From their angle they couldn’t see the artifact. But the building was continually monitored by an automatic extreme-telephoto camera that CNN had mounted on a hillside on Mount Vaia, overlooking the bay. It caught the building’s collapse, and zoomed in on the artifact rising leisurely back up to its original position.
No one on Samoa knew that there was a hasty conference in Washington five minutes later, the president pulled out of a late- night poker game to help decide whether to vaporize their island. Somebody was disingenuous enough to point out that it really wouldn’t be an act of war, since there were no hostilities between the two nations, and one of them would no longer exist after the explosion. The president’s response to that was characteristically curt, and he went back to his game after demanding that a summary of events be on his table in the morning.
It would be one short page. Poseidon wasn’t talking, and the NASA team abided by their agreement.
They ran the tape over and over, along with the sensor data, and on the hundredth viewing they knew little more than on the first. As the laser cranked up to 72 percent of full force, the temperature of the artifact began to increase, all over. When it was 1.2 degrees Centigrade above the ambient temperature, it rose diagonally off its cradle at 18.3 centimeters per second, travelling at a 45-degree angle until it was over the laser’s output tube. Then it fell to the floor. It was like dropping an apartment building on a wineglass. The floor didn’t resist.

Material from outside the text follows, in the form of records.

lemma rho_addv: "v \<in> Bp \<Longrightarrow> v' \<in> Bp \<Longrightarrow> rho a (v + v') = rho a v + rho a v'"
  unfolding rho_def using pact_addv rep by blast

lemma rho_smv: "v \<in> Bp \<Longrightarrow> rho a (sm c v) = sm c (rho a v)"
  unfolding rho_def using pact_smv rep by blast

lemma rho_genv: "i \<in> I \<Longrightarrow> v \<in> Bp \<Longrightarrow> rho (gen i) v = pr (gen i * v)"
  using rho_gen[of i v 1] rho_1 by simp

lemma rho_mult: assumes v: "v \<in> Bp" shows "rho (a * b) v = rho a (rho b v)"
proof -
  have "\<forall>b. \<forall>v\<in>Bp. rho (a * b) v = rho a (rho b v)"
  proof (rule word_induct)
    show "subspace {a. \<forall>b. \<forall>v\<in>Bp. rho (a * b) v = rho a (rho b v)}"
      by (rule subspaceI) (auto simp: rho_0 rho_Bp distrib_right rho_add sm_ml[symmetric] rho_sm)
    show "\<forall>b. \<forall>v\<in>Bp. rho (word_prod gen w * b) v = rho (word_prod gen w) (rho b v)"
      if "set w \<subseteq> I" for w
      using that by (induction w) (simp_all add: word_prod_Nil word_prod_Cons mult.assoc rho_1 rho_gen rho_Bp)
  qed
  thus ?thesis using v by blast
qed

lemma rho_star: assumes v: "v \<in> Bp" and w: "w \<in> Bp"
  shows "L (st w * rho a v) = L (st (rho (st a) w) * v)"
proof -
  let ?Q = "\<lambda>a. \<forall>v\<in>Bp. \<forall>w\<in>Bp. L (st w * rho a v) = L (st (rho (st a) w) * v)"
  have sC: "st x * y \<in> sq sm C" if "x \<in> Bp" "y \<in> Bp" for x y
    using that Bp_C form_sqC by blast
  have "?Q a"
  proof (rule word_induct[where Q = ?Q])
    show "subspace (Collect ?Q)"
      by (rule subspaceI) (simp_all add: rho_0 st_add rho_add distrib_left distrib_right L_add sC rho_Bp
          st_sm rho_sm sm_mr[symmetric] sm_ml[symmetric] L_sm)
    show "?Q (word_prod gen u)" if "set u \<subseteq> I" for u
      using that
    proof (induction u)
      case Nil thus ?case by (simp add: word_prod_Nil rho_1)
    next
      case (Cons i u)
      have i: "i \<in> I" and uI: "set u \<subseteq> I" using Cons by auto
      have j: "adj i \<in> I" "st (gen i) = gen (adj i)" using adj[OF i] by auto
      show ?case
      proof (intro ballI)
        fix v w assume v: "v \<in> Bp" and w: "w \<in> Bp"
        have pw: "pr (gen (adj i) * w) \<in> Bp" using pr_C genBp_C j w by blast
        have "L (st w * rho (word_prod gen (i # u)) v)
            = L (st (pr (gen (adj i) * w)) * rho (word_prod gen u) v)"
          using pr_gen_adjoint[OF i rho_Bp[OF v] w] by (simp add: word_prod_Cons rho_gen i v)
        also have "\<dots> = L (st (rho (st (word_prod gen u)) (pr (gen (adj i) * w))) * v)"
          using Cons.IH[OF uI] v pw by blast
        also have "rho (st (word_prod gen u)) (pr (gen (adj i) * w)) = rho (st (word_prod gen (i # u))) w"
          by (simp add: word_prod_Cons st_mult j rho_mult w rho_genv)
        finally show "L (st w * rho (word_prod gen (i # u)) v)
            = L (st (rho (st (word_prod gen (i # u))) w) * v)" .
      qed
    qed
  qed
  thus ?thesis using v w by blast
qed

subsection \<open>The extension \<LL>(a) = \<langle>\<rho>(a) 1, 1\<rangle>_L\<close>

lemma residual_subspace: assumes U: "subspace U" shows "subspace {a. a - rho a 1 \<in> U}"
proof (rule subspaceI)
  show "0 \<in> {a. a - rho a 1 \<in> U}" using subspace_0[OF U] by (simp add: rho_0 one_Bp)
  fix x y c assume x: "x \<in> {a. a - rho a 1 \<in> U}" and y: "y \<in> {a. a - rho a 1 \<in> U}"
  have "x + y - rho (x + y) 1 = (x - rho x 1) + (y - rho y 1)" by (simp add: rho_add one_Bp)
  thus "x + y \<in> {a. a - rho a 1 \<in> U}" using x y subspace_add[OF U] by (metis mem_Collect_eq)
  have "sm c x - rho (sm c x) 1 = sm c (x - rho x 1)" by (simp add: rho_sm one_Bp scale_right_diff_distrib)
  thus "sm c x \<in> {a. a - rho a 1 \<in> U}" using x subspace_scale[OF U] by simp
qed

The part under the cradle didn’t collapse; it was independently supported. It probably would have crumbled if the artifact had fallen on it, too. But it seemed only interested in the laser. When it came back up, it settled into the cradle as gently as a feather.
The researchers had to study the CNN record of that part, their ruggedized camera lying ruggedly on the bottom of the bay, its backup power source sending a record of swirling silt. Exactly 1.55 seconds after the splash, the artifact rose back out of the water, still at a constant rate of 18.3 centimeters per second, and settled back into its cradle. The scene was unchanged when Russ and Jan pedaled up a couple of minutes later.
While a work crew nervously reconstructed the artifact room and its protective surround, a separate NASA crew—at least they wore identically new NASA coveralls—retrieved the drowned laser and power source and analyzed the damage. It was profound.
Jack Halliburton didn’t normally walk into cottage 7 unannounced. The crowd of nine who were sitting around the table piled high with reports and lunch remains fell silent when he came through the door.
Russ was one of the most surprised. “Jack. You want a sandwich?”
He shook his head and sat down on the chair offered. “Get me the output curve for the laser just before the artifact fell on it.”
Moishe Rosse, who had become their laser guy, picked up two cylindrical keyboards and started surfing, the big TV acting as a monitor.
“It’s a simple step function,” Russ said. “Turns off.”
“I know. I want to know exactly when and why.”
“Good luck with the why.” The innards of the power source were deeply classified; they used it as a black box that always delivered what you asked.